------ MATERIAL SHOWN

lemma no_three_near_fractions:
  fixes q :: int and u :: "real \<times> real" and K \<delta> :: real
  assumes "2 \<le> q"
    and bounded: "\<And>i j. i \<in> {1..k-1} \<Longrightarrow> j \<in> {1..k-1} \<Longrightarrow>
                   \<bar>of_int (det2 (Dqk_vec q k i) (Dqk_vec q k j))\<bar> \<le> K"
    and small: "3 * q * K * \<delta> < 1"
    and order: "1 \<le> i1" "i1 < i2" "i2 < i3" "i3 < k"
    and near: "\<And>i. i \<in> {i1, i2, i3} \<Longrightarrow> near_fraction q \<delta> (dotp u (Dqk_vec q k i))"
  shows False
proof -
  define v where "v = Dqk_vec q k"
  define n where "n = k - (i3 - i1)"
  have "0 \<le> q" "1 \<le> i2" "i1 < i3" "i2 < k"
    using \<open>2 \<le> q\<close> order by auto
  have distinct: "i1 \<noteq> i2" "i1 \<noteq> i3" "i2 \<noteq> i3"
    using order by auto
  have "{i1, i2, i3} \<subseteq> {1..k-1}"
    using order by auto
  then have "\<And>i j. i \<in> {i1, i2, i3} \<Longrightarrow> j \<in> {i1, i2, i3} \<Longrightarrow> \<bar>of_int (det2 (v i) (v j))\<bar> \<le> K"
    unfolding v_def using bounded by blast
  then obtain a b where ab: "\<And>i. i \<in> {i1, i2, i3} \<Longrightarrow> coprime (a i) (b i) \<and> 2 \<le> b i \<and> b i dvd q"
    and relation: "det2 (v i2) (v i3) * a i1 * (q div b i1)
       - det2 (v i1) (v i3) * a i2 * (q div b i2) + det2 (v i1) (v i2) * a i3 * (q div b i3) = 0"
    using plucker_relation_of_near_fractions[OF \<open>0 \<le> q\<close> distinct _ small] near
    unfolding v_def by blast
  obtain w12 where w12: "det2 (v i1) (v i2) = q^(k-(i2-i1)) * w12"
    using det2_Dqk_vec[OF \<open>0 \<le> q\<close> order(1,2) \<open>i2 < k\<close>] unfolding v_def by blast
  obtain w13 where w13: "det2 (v i1) (v i3) = q^n * w13" "coprime w13 q"
    using det2_Dqk_vec[OF \<open>0 \<le> q\<close> order(1) \<open>i1 < i3\<close> order(4)] unfolding v_def n_def by blast
  obtain w23 where w23: "det2 (v i2) (v i3) = q^(k-(i3-i2)) * w23"
    using det2_Dqk_vec[OF \<open>0 \<le> q\<close> \<open>1 \<le> i2\<close> order(3,4)] unfolding v_def by blast
  have "q ^ Suc n dvd q ^ (k-(i3-i2))" "q ^ Suc n dvd q ^ (k-(i2-i1))"
    using order unfolding n_def by (intro le_imp_power_dvd; simp)+
  then have "q ^ Suc n dvd
      det2 (v i2) (v i3) * a i1 * (q div b i1) + det2 (v i1) (v i2) * a i3 * (q div b i3)"
    unfolding w12 w23 by (simp only: dvd_add dvd_mult2)
  also have "\<dots> = q ^ n * w13 * (a i2 * (q div b i2))"
    using relation unfolding w13(1) mult.assoc by linarith
  finally have "is_unit (b i2)"
    by (rule is_unit_denominator_if_power_dvd) (use ab[of i2] w13(2) \<open>2 \<le> q\<close> in auto)
  with ab[of i2] show False
    by simp
qed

------------

> _GOAL OF THE EXERCISE_
Please copy out each line of the listing above that contains the string "distinct".

> _WRITTEN ANSWER_
  have distinct: "i1 \<noteq> i2" "i1 \<noteq> i3" "i2 \<noteq> i3"
    using plucker_relation_of_near_fractions[OF \<open>0 \<le> q\<close> distinct _ small] near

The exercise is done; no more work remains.